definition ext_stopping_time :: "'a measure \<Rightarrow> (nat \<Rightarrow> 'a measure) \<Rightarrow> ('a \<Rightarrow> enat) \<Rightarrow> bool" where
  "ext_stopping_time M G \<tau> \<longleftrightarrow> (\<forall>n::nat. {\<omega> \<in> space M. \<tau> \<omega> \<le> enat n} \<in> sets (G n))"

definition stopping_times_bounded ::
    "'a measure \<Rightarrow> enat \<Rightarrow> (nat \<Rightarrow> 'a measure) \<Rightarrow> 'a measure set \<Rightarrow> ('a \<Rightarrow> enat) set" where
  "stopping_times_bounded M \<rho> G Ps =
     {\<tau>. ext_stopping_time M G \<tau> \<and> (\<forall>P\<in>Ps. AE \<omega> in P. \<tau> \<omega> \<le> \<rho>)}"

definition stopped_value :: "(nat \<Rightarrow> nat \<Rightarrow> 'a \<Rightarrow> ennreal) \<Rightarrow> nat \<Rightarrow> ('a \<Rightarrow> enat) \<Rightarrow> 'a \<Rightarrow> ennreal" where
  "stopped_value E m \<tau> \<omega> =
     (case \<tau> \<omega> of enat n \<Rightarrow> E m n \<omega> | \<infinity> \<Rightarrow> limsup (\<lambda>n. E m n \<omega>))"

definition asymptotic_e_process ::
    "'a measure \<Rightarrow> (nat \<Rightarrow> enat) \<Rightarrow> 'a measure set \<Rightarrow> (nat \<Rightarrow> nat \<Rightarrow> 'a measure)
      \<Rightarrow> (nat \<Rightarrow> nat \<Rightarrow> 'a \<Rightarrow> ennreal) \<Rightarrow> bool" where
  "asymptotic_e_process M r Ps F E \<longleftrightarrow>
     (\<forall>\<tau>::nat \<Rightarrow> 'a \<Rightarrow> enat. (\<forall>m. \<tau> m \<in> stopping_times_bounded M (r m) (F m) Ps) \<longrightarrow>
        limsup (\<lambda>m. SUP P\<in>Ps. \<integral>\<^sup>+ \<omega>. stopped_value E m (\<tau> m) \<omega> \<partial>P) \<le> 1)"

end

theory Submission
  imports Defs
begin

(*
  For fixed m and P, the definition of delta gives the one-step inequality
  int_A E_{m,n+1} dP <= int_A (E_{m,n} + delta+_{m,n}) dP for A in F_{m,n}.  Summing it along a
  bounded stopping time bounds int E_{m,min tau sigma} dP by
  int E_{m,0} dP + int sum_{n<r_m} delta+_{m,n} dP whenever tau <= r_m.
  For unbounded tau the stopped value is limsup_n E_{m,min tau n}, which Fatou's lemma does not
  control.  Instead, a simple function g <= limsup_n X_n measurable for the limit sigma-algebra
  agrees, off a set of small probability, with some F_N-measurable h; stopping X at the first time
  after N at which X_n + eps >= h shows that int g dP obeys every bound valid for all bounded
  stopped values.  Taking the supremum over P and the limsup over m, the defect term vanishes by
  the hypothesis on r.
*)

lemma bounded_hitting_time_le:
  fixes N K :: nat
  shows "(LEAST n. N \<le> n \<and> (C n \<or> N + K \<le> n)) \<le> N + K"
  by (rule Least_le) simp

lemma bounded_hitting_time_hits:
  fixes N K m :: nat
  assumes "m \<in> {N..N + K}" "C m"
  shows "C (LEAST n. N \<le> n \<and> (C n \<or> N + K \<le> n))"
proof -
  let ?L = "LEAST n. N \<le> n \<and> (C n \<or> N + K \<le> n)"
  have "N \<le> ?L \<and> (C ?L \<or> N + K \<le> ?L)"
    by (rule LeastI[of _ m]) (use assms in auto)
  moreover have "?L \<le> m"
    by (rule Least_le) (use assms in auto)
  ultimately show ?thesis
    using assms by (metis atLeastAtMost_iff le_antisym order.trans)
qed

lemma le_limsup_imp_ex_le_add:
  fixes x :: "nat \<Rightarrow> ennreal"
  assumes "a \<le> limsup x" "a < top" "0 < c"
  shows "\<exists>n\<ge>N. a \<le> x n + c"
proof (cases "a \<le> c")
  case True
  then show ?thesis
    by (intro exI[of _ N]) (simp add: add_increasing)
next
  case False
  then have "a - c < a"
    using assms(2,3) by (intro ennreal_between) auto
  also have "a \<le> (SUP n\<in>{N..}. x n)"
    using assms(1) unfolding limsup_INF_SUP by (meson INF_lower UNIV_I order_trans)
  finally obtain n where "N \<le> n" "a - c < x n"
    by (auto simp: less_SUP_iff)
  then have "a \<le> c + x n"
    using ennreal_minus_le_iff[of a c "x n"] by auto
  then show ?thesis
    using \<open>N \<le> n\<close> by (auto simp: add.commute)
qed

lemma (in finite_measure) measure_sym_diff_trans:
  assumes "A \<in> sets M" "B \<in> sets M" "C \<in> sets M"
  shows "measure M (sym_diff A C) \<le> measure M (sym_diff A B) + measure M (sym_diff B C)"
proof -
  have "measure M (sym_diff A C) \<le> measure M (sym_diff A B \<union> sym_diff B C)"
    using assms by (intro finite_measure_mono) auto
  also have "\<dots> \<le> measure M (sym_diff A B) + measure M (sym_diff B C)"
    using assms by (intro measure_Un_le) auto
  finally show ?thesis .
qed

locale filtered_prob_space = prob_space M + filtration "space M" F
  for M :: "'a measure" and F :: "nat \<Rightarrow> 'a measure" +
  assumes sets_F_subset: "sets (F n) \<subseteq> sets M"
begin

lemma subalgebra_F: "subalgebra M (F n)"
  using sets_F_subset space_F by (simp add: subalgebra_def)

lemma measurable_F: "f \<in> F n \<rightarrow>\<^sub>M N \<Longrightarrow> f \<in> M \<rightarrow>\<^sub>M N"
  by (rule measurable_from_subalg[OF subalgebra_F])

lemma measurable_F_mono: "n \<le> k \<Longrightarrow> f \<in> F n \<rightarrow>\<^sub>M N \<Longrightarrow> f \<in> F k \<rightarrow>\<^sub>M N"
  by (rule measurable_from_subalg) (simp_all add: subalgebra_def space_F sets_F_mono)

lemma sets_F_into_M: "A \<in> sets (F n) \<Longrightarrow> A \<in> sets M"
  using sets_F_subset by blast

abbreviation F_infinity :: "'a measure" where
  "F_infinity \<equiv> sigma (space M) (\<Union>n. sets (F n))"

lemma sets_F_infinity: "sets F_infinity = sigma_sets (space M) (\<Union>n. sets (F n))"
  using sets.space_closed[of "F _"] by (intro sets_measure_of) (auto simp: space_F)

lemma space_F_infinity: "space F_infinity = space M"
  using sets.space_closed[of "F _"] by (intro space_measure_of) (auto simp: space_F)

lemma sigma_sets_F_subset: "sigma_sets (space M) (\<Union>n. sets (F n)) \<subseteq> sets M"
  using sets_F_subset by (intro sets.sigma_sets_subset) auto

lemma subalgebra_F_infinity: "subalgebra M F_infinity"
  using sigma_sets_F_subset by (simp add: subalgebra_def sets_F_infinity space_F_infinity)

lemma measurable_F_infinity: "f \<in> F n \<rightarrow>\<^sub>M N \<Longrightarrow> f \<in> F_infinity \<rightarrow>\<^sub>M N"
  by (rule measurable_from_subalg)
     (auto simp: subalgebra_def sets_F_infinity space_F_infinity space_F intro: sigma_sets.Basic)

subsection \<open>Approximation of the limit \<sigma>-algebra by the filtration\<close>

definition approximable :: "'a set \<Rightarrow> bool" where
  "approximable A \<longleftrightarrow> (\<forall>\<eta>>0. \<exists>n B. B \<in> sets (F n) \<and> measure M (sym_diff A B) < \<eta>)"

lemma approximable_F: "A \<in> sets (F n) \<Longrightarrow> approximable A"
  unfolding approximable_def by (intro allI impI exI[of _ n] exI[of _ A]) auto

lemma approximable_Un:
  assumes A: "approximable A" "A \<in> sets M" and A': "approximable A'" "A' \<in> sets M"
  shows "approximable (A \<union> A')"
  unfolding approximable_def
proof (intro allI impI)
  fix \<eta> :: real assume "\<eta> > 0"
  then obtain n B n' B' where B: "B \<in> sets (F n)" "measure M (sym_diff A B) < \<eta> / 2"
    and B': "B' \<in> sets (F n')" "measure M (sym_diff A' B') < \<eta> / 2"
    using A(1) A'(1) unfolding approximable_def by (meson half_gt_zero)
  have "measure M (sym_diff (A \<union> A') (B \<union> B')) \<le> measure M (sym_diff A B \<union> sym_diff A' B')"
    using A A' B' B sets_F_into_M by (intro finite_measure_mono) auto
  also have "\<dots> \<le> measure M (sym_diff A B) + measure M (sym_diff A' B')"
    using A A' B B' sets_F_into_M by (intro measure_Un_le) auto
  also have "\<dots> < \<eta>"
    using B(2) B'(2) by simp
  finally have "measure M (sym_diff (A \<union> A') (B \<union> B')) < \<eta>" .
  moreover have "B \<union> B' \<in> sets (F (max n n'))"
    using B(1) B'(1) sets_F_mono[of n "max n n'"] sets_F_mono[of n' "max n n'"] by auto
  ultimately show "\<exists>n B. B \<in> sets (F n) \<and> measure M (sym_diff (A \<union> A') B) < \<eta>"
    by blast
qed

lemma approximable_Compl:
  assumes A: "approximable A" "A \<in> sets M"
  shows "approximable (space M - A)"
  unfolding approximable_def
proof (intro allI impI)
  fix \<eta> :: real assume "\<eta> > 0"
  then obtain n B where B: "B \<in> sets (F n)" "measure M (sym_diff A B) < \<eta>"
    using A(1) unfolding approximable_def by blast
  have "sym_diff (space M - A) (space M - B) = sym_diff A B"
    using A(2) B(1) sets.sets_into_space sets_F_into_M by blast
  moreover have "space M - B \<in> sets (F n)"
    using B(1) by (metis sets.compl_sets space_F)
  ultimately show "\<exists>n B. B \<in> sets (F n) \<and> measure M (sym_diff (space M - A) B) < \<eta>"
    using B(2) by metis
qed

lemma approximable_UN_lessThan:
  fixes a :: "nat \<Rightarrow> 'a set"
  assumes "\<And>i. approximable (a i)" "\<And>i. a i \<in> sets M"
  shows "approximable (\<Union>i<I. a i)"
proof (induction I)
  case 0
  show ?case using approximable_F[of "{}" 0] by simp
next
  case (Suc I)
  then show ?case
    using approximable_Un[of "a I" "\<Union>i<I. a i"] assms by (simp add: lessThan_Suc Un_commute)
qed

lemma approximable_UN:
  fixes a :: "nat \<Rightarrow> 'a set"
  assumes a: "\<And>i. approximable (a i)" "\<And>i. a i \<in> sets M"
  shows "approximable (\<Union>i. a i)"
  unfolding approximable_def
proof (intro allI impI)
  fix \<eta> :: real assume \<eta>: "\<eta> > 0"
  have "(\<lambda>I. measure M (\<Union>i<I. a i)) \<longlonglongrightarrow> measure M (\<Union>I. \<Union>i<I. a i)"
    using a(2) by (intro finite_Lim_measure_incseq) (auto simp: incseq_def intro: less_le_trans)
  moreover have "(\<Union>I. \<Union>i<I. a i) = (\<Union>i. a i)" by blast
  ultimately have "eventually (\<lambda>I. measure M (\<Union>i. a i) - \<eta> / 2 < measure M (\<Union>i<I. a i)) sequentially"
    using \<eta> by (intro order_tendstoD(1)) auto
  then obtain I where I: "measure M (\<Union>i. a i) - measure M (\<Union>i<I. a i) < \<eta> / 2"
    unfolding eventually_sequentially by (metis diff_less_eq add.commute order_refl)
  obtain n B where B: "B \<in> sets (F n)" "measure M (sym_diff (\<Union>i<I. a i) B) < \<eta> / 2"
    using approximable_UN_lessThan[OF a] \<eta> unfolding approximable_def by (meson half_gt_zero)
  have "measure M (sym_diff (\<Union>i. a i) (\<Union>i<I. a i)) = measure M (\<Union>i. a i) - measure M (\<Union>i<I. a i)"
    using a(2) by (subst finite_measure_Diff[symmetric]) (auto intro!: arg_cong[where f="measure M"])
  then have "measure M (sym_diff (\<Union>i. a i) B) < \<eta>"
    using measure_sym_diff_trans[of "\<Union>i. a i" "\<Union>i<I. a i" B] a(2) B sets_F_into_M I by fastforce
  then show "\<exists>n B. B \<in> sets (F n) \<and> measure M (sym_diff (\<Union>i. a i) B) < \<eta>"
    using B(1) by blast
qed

◇ ◇ ◇ ◇

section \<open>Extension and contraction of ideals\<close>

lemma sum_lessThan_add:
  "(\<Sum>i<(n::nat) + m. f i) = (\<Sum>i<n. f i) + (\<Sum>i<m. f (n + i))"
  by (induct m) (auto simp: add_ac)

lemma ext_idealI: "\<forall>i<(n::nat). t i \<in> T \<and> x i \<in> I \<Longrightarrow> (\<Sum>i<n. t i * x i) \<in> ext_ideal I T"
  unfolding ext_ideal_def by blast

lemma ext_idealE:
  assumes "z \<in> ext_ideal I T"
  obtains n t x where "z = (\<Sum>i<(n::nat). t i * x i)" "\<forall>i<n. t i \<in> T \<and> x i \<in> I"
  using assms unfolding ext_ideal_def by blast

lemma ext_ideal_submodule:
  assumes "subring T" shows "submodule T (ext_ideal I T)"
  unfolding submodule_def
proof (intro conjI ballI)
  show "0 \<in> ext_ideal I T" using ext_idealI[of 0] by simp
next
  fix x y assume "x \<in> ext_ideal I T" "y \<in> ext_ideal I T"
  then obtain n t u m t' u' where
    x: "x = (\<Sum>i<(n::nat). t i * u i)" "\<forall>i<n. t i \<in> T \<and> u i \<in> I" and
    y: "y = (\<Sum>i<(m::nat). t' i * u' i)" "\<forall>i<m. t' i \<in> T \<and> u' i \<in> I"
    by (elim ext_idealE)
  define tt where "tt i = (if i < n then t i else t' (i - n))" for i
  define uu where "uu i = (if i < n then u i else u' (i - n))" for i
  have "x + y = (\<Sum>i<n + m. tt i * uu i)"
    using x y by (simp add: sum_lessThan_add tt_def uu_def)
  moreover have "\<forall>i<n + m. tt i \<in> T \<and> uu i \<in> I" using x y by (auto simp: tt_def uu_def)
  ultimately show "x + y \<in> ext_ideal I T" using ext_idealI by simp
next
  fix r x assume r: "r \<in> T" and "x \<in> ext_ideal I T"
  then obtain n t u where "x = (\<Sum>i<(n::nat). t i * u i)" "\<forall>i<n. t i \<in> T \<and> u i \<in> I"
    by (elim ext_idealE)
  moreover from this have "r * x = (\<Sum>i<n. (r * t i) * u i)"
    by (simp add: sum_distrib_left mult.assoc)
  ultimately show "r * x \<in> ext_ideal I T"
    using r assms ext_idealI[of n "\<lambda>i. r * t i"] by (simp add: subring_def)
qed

◇ ◇ ◇ ◇

Task directions:
Using the entries above, return exactly the lines from the line with "sigma (space M)" to the line with "A \<longleftrightarrow> (\<forall>\<eta>>0.", counting both of those lines.

Response to this task:
  "F_infinity \<equiv> sigma (space M) (\<Union>n. sets (F n))"

lemma sets_F_infinity: "sets F_infinity = sigma_sets (space M) (\<Union>n. sets (F n))"
  using sets.space_closed[of "F _"] by (intro sets_measure_of) (auto simp: space_F)

lemma space_F_infinity: "space F_infinity = space M"
  using sets.space_closed[of "F _"] by (intro space_measure_of) (auto simp: space_F)

lemma sigma_sets_F_subset: "sigma_sets (space M) (\<Union>n. sets (F n)) \<subseteq> sets M"
  using sets_F_subset by (intro sets.sigma_sets_subset) auto

lemma subalgebra_F_infinity: "subalgebra M F_infinity"
  using sigma_sets_F_subset by (simp add: subalgebra_def sets_F_infinity space_F_infinity)

lemma measurable_F_infinity: "f \<in> F n \<rightarrow>\<^sub>M N \<Longrightarrow> f \<in> F_infinity \<rightarrow>\<^sub>M N"
  by (rule measurable_from_subalg)
     (auto simp: subalgebra_def sets_F_infinity space_F_infinity space_F intro: sigma_sets.Basic)

subsection \<open>Approximation of the limit \<sigma>-algebra by the filtration\<close>

definition approximable :: "'a set \<Rightarrow> bool" where
  "approximable A \<longleftrightarrow> (\<forall>\<eta>>0. \<exists>n B. B \<in> sets (F n) \<and> measure M (sym_diff A B) < \<eta>)"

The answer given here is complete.